Abstract Body (Do not enter title and authors here): Background
Macrophages (MΦ) cause atherosclerotic lesions, sustain a pro-inflammatory microenvironment, driving plaque instability; while vascular smooth muscle cells (VSMCs) stabilize the plaque by producing collagens and other extracellular matrices in the intima. Fortilin is a 20-kDa protein regulating diverse cellular processes and is important for macrophage survival. The role of fortilin in atherosclerosis remains incompletely understood.
Hypothesis
Fortilin reduces the number of VSMC, possibly through decrease in an atheroprotective cytokine.
Methods
Cross-sectioned aortic root tissue from fortilin knockout (fortilin^+/-) and wild type (fortilin^+/+) mice under LysM/Cre promoter control and on Ldlr^-/-Apobec1^-/- hypercholesterolemic (HC) background (KO and WT, respectively) were subjected to imaging mass cytometry (IMC). Separately, THP1 MΦ or primary human MΦ lacking fortilin (THP1^KO-fortilin or phMΦ^sh-fortilin), and their controls (THP1^WT-fortilin or phMΦ^sh-control) were stimulated with oxidized-LDL (oxLDL) and subjected to further analysis.
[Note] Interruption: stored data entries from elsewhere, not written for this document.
(* Let $R$ be an integral domain with quotient field $K$. Let $B=\bigcup_{0\ne a\in R}R[[t/a]]$, the union taken inside $K((t))$, where $R[[t/a]]=\{\sum_{n\ge0}c_n(t/a)^n : c_n\in R\}$, and let $F=\operatorname{Quot}(B)\subseteq K((t))$. Then $F$ is separably closed in $K((t))$. *)

theory Defs
  imports "HOL-Computational_Algebra.Formal_Laurent_Series"
          "HOL-Computational_Algebra.Fraction_Field"
          "HOL-Computational_Algebra.Polynomial"
begin

text \<open>R is the integral domain given by the type 'a; K = Quot(R) is 'a fract;
  K((t)) is 'a fract fls.  R is embedded into K via r |-> Fract r 1.\<close>

definition power_series_t_over :: "'a::idom \<Rightarrow> 'a fract fls set" where
  "power_series_t_over a =
     {f. \<exists>c :: nat \<Rightarrow> 'a. \<forall>n::int. fls_nth f n =
        (if n < 0 then 0 else Fract (c (nat n)) 1 / (Fract a 1) ^ (nat n))}"

definition ring_B :: "'a::idom fract fls set" where
  "ring_B = (\<Union>a\<in>{a::'a. a \<noteq> 0}. power_series_t_over a)"

definition field_F :: "'a::idom fract fls set" where
  "field_F = {x / y | x y. x \<in> ring_B \<and> y \<in> ring_B \<and> y \<noteq> 0}"

text \<open>A polynomial with coefficients in a subfield F is separable iff it is coprime
  to its derivative in F[X] (Bezout identity with coefficients in F).\<close>
definition separable_poly_over :: "'b::field set \<Rightarrow> 'b poly \<Rightarrow> bool" where
  "separable_poly_over F p \<longleftrightarrow>
     (\<exists>u v. set (coeffs u) \<subseteq> F \<and> set (coeffs v) \<subseteq> F \<and> u * p + v * pderiv p = 1)"
(* Fix cylindric partitions $\alpha$ and $\beta$ on $\mathcal{C}_{k,n}$. There exists a bijection \[ \operatorname{CRSK}:\ \bigsqcup_{\substack{\mu\in\operatorname{Cylpar};\\ \mu\subseteq\alpha;\ \mu\subseteq\beta}} \operatorname{SSCT}(\alpha/\mu)\times\operatorname{SSCT}(\beta/\mu)\ \longrightarrow\ \bigsqcup_{\substack{\lambda\in\operatorname{Cylpar};\\ \alpha\subseteq\lambda;\ \beta\subseteq\lambda}} \operatorname{SSCT}(\lambda/\beta)\times\operatorname{SSCT}(\lambda/\alpha) \] such that for every $\mu\in\operatorname{Cylpar}$ with $\mu\subseteq\alpha$, $\mu\subseteq\beta$, every $T\in\operatorname{SSCT}(\alpha/\mu)$ and every $U\in\operatorname{SSCT}(\beta/\mu)$, if $\operatorname{CRSK}(((T,U),\mu))=((P,Q),\lambda)$ then $\operatorname{wt}(T)=\operatorname{wt}(P)$ and $\operatorname{wt}(U)=\operatorname{wt}(Q)$.
   Context: Fix integers $n>k\ge 1$. A cylindric partition is a weakly decreasing sequence $(\lambda_m)_{m\in\mathbb Z}$ of integers with $\lambda_m=\lambda_{m+k}+n-k$ for all $m$; $\operatorname{Cylpar}$ is the set of cylindric partitions. A point $(x,y)\in\mathbb Z^2$ lies in plane row $x$ and plane column $y$, and lies in $\lambda$ if $y\le\lambda_x$. A box is an equivalence class of points modulo translation by integer multiples of $(-k,n-k)$ (so boxes are elements of the cylinder $\mathcal C_{k,n}=\mathbb Z^2/(-k,n-k)\mathbb Z$); $\pi$ is the projection from points to boxes, and a box lies in $\lambda$ iff its representatives do. We write $\mu\subseteq\lambda$ if $\mu_m\le\lambda_m$ for all $m$; then the boxes of $\lambda/\mu$ are the (finitely many) boxes lying in $\lambda$ but not in $\mu$. Fix a totally ordered alphabet $A$. A semistandard cylindric tableau of shape $\lambda/\mu$ ($\mu\subseteq\lambda$) is a map $R$ from the boxes of $\lambda/\mu$ to $A$ such that $R(\pi(x,y_1))\le R(\pi(x,y_2))$ whenever the points $(x,y_1),(x,y_2)$ lie in $\lambda$ but not in $\mu$ and $y_1<y_2$, and $R(\pi(x_1,y))<R(\pi(x_2,y))$ whenever $(x_1,y),(x_2,y)$ lie in $\lambda$ but not in $\mu$ and $x_1<x_2$; the pair $(\lambda,\mu)$ is part of the data of the tableau. $\operatorname{SSCT}(\lambda/\mu)$ denotes the set of such tableaux. The weight $\operatorname{wt}(R):A\to\mathbb N$ sends $a$ to the number of boxes whose entry is $a$. The disjoint union $\bigsqcup_{s\in S}T_s$ is the set of pairs $(t,s)$ with $s\in S$, $t\in T_s$. *)

theory Defs
  imports Main
begin

definition is_cylpar :: "nat \<Rightarrow> nat \<Rightarrow> (int \<Rightarrow> int) \<Rightarrow> bool" where
  "is_cylpar k n lam \<longleftrightarrow>
     (\<forall>m. lam (m + 1) \<le> lam m) \<and> (\<forall>m. lam m = lam (m + int k) + int n - int k)"

definition cyl_subseteq :: "(int \<Rightarrow> int) \<Rightarrow> (int \<Rightarrow> int) \<Rightarrow> bool" where
  "cyl_subseteq mu lam \<longleftrightarrow> (\<forall>m. mu m \<le> lam m)"

definition in_shape :: "(int \<Rightarrow> int) \<Rightarrow> int \<times> int \<Rightarrow> bool" where
  "in_shape lam p \<longleftrightarrow> snd p \<le> lam (fst p)"

text \<open>Boxes: equivalence classes of points modulo integer multiples of (-k, n-k).\<close>
type_synonym box = "(int \<times> int) set"

definition box_proj :: "nat \<Rightarrow> nat \<Rightarrow> int \<times> int \<Rightarrow> box" where
  "box_proj k n p = {(fst p - int k * t, snd p + (int n - int k) * t) | t. True}"

definition skew_points :: "(int \<Rightarrow> int) \<Rightarrow> (int \<Rightarrow> int) \<Rightarrow> (int \<times> int) set" where
  "skew_points lam mu = {p. in_shape lam p \<and> \<not> in_shape mu p}"

definition skew_boxes :: "nat \<Rightarrow> nat \<Rightarrow> (int \<Rightarrow> int) \<Rightarrow> (int \<Rightarrow> int) \<Rightarrow> box set" where
  "skew_boxes k n lam mu = box_proj k n ` skew_points lam mu"

type_synonym 'a cyltab = "(int \<Rightarrow> int) \<times> (int \<Rightarrow> int) \<times> (box \<Rightarrow> 'a option)"

definition SSCT :: "nat \<Rightarrow> nat \<Rightarrow> (int \<Rightarrow> int) \<Rightarrow> (int \<Rightarrow> int) \<Rightarrow> ('a::linorder) cyltab set" where
  "SSCT k n lam mu = {(lam, mu, R) | R.
      dom R = skew_boxes k n lam mu \<and>
      (\<forall>x y1 y2. (x, y1) \<in> skew_points lam mu \<longrightarrow> (x, y2) \<in> skew_points lam mu \<longrightarrow> y1 < y2 \<longrightarrow>
          the (R (box_proj k n (x, y1))) \<le> the (R (box_proj k n (x, y2)))) \<and>
      (\<forall>x1 x2 y. (x1, y) \<in> skew_points lam mu \<longrightarrow> (x2, y) \<in> skew_points lam mu \<longrightarrow> x1 < x2 \<longrightarrow>
          the (R (box_proj k n (x1, y))) < the (R (box_proj k n (x2, y)))) }"

definition wt :: "('a::linorder) cyltab \<Rightarrow> 'a \<Rightarrow> nat" where
  "wt T a = card {b. snd (snd T) b = Some a}"

definition CRSK_domain :: "nat \<Rightarrow> nat \<Rightarrow> (int \<Rightarrow> int) \<Rightarrow> (int \<Rightarrow> int)
    \<Rightarrow> ((('a::linorder) cyltab \<times> 'a cyltab) \<times> (int \<Rightarrow> int)) set" where
  "CRSK_domain k n \<alpha> \<beta> = {((T, U), mu) | T U mu.
      is_cylpar k n mu \<and> cyl_subseteq mu \<alpha> \<and> cyl_subseteq mu \<beta> \<and>
      T \<in> SSCT k n \<alpha> mu \<and> U \<in> SSCT k n \<beta> mu}"

definition CRSK_codomain :: "nat \<Rightarrow> nat \<Rightarrow> (int \<Rightarrow> int) \<Rightarrow> (int \<Rightarrow> int)
    \<Rightarrow> ((('a::linorder) cyltab \<times> 'a cyltab) \<times> (int \<Rightarrow> int)) set" where
  "CRSK_codomain k n \<alpha> \<beta> = {((P, Q), lam) | P Q lam.
      is_cylpar k n lam \<and> cyl_subseteq \<alpha> lam \<and> cyl_subseteq \<beta> lam \<and>
      P \<in> SSCT k n lam \<beta> \<and> Q \<in> SSCT k n lam \<alpha>}"

end

theory Submission
  imports Defs "HOL-Library.Equipollence"
begin

(* Peeling off the boxes of the least letter, then of the next one, and so on, identifies a
  semistandard cylindric tableau of shape lam/mu and weight w with a chain mu = l_0 <= l_1 <= ... <= l_r = lam
  of cylindric partitions in which each l_i/l_(i-1) is a horizontal strip with w(a_i) boxes.
  A pair (T, U) of the domain is then a walk from alpha down to mu and up to beta, a pair (P, Q)
  of the codomain a walk from alpha up to lam and down to beta, with the same strip sizes.
  The local rule lam_m = max(a_m, b_m) + min(a_(m-1), b_(m-1)) - mu_(m-1) of the growth diagram is a
  bijection between the two ways of completing a square of strips of prescribed sizes, and it
  preserves periodicity, so it lets every down-step be moved past every up-step. Hence the fibres
  of the weight maps on both sides are equipollent, and choosing a bijection on each fibre gives
  the weight-preserving bijection. *)

lemma sum_periodic_shift_one:
  fixes g :: "int \<Rightarrow> 'b::comm_monoid_add"
  assumes periodic: "\<And>x. g (x + c) = g x" and "0 < c"
  shows "(\<Sum>x\<in>{0..<c}. g (x + 1)) = (\<Sum>x\<in>{0..<c}. g x)"
proof -
  have "(\<Sum>x\<in>{0..<c}. g (x + 1)) = (\<Sum>x\<in>{1..<c + 1}. g x)"
    by (rule sum.reindex_bij_witness[where i="\<lambda>x. x - 1" and j="\<lambda>x. x + 1"]) auto
  also have "{1..<c + 1} = insert c {1..<c}" using \<open>0 < c\<close> by auto
  also have "{0..<c} = insert 0 {1..<c}" using \<open>0 < c\<close> by auto
  ultimately show ?thesis using periodic[of 0] by (simp add: add.commute)
qed

lemma sum_periodic_shift_minus_one:
  fixes g :: "int \<Rightarrow> 'b::comm_monoid_add"
  assumes "\<And>x. g (x + c) = g x" and "0 < c"
  shows "(\<Sum>x\<in>{0..<c}. g (x - 1)) = (\<Sum>x\<in>{0..<c}. g x)"
proof -
  have "g (x + c - 1) = g (x - 1)" for x using assms(1)[of "x - 1"] by (simp add: algebra_simps)
  then show ?thesis using sum_periodic_shift_one[of "\<lambda>x. g (x - 1)" c] assms(2) by simp
qed

lemma threshold_unique:
  fixes v1 v2 :: int
  assumes "lo \<le> v1" "v1 \<le> hi" "lo \<le> v2" "v2 \<le> hi"
    and "\<And>y. lo < y \<Longrightarrow> y \<le> hi \<Longrightarrow> P y \<longleftrightarrow> y \<le> v1"
    and "\<And>y. lo < y \<Longrightarrow> y \<le> hi \<Longrightarrow> P y \<longleftrightarrow> y \<le> v2"
  shows "v1 = v2"
proof (rule ccontr)
  assume "v1 \<noteq> v2"
  then consider "v1 < v2" | "v2 < v1" by linarith
  then show False
  proof cases
    case 1 then show False using assms(5,6)[of v2] assms(1-4) by auto
  next
    case 2 then show False using assms(5,6)[of v1] assms(1-4) by auto
  qed
qed

lemma Cons_set_eqpoll_Sigma: "{c # r | c r. P c \<and> r \<in> A c} \<approx> Sigma (Collect P) A"
proof -
  have "{c # r | c r. P c \<and> r \<in> A c} = (\<lambda>(c, r). c # r) ` Sigma (Collect P) A" by auto
  moreover have "inj_on (\<lambda>(c, r). c # r) (Sigma (Collect P) A)" by (auto simp: inj_on_def)
  ultimately show ?thesis by (simp add: inj_on_image_eqpoll_self)
qed

lemma Sigma_eqpoll_cong_id: "(\<And>x. x \<in> A \<Longrightarrow> B x \<approx> C x) \<Longrightarrow> Sigma A B \<approx> Sigma A C"
  using Sigma_eqpoll_cong[of id A A B C] by simp

lemma Sigma_cong_nonempty:
  assumes "\<And>x. B x \<noteq> {} \<Longrightarrow> x \<in> A \<longleftrightarrow> x \<in> A'"
  shows "Sigma A B = Sigma A' B"
  using assms by auto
Umbilical cord derived mesenchymal stem cells (UCDMSCs) were incubated in presence of conditioned media (CM) from THP1^KO-fortilin or THP1^WT-fortilin and the extracted RNA was subjected to RT-qPCR.
Results
IMC analysis indicated that VSMC formation were higher in KO than WT mice intima (WT vs. KO = 159 vs. 1069 cells/mm², P<0.0001). Fortilin expression in VSMCs and endothelial cells (ECs) did not differ between WT and KO mice. Regardless of oxLDL stimulation, THP1^KO-fortilin and phMΦ^sh-fortilin expressed higher VSMC (αSMA, SM22α and CNN1) and lower MΦ (Mac2, CD68) marker genes and protein levels compared to THP1^WT-fortilin and phMΦ^sh-control. The higher levels of VSMC marker genes in THP1^KO-fortilin was due to secretion of higher TGF-β1 (WT vs. KO = 311 vs 726 pg/mL, P<0.0001) in CM. Incubation of UCDMSCs in THP1^KO-fortilin CM led to significant increase in differentiation (CD45, CD34, and CD14) and VSMC marker genes, and reduced stem cell marker genes (CD73, CD90, and CD105) as compared to THP1^WT-fortilin CM. Incubating UCDMSCs in TGF-β1-depleted THP1^KO-fortilin CM led to complete abolishment of differentiation of the cells to VSMCs, indicating the key role of TGF-β1.
Conclusion
Fortilin in MΦ promotes atherosclerosis by inhibiting secretion of TGF-β1, preventing transdifferentiation of MΦ to VSMC, and differentiation of MSCs to VSMCs. Therefore, fortilin functions as a key molecule driving HC-induced atherosclerogenesis.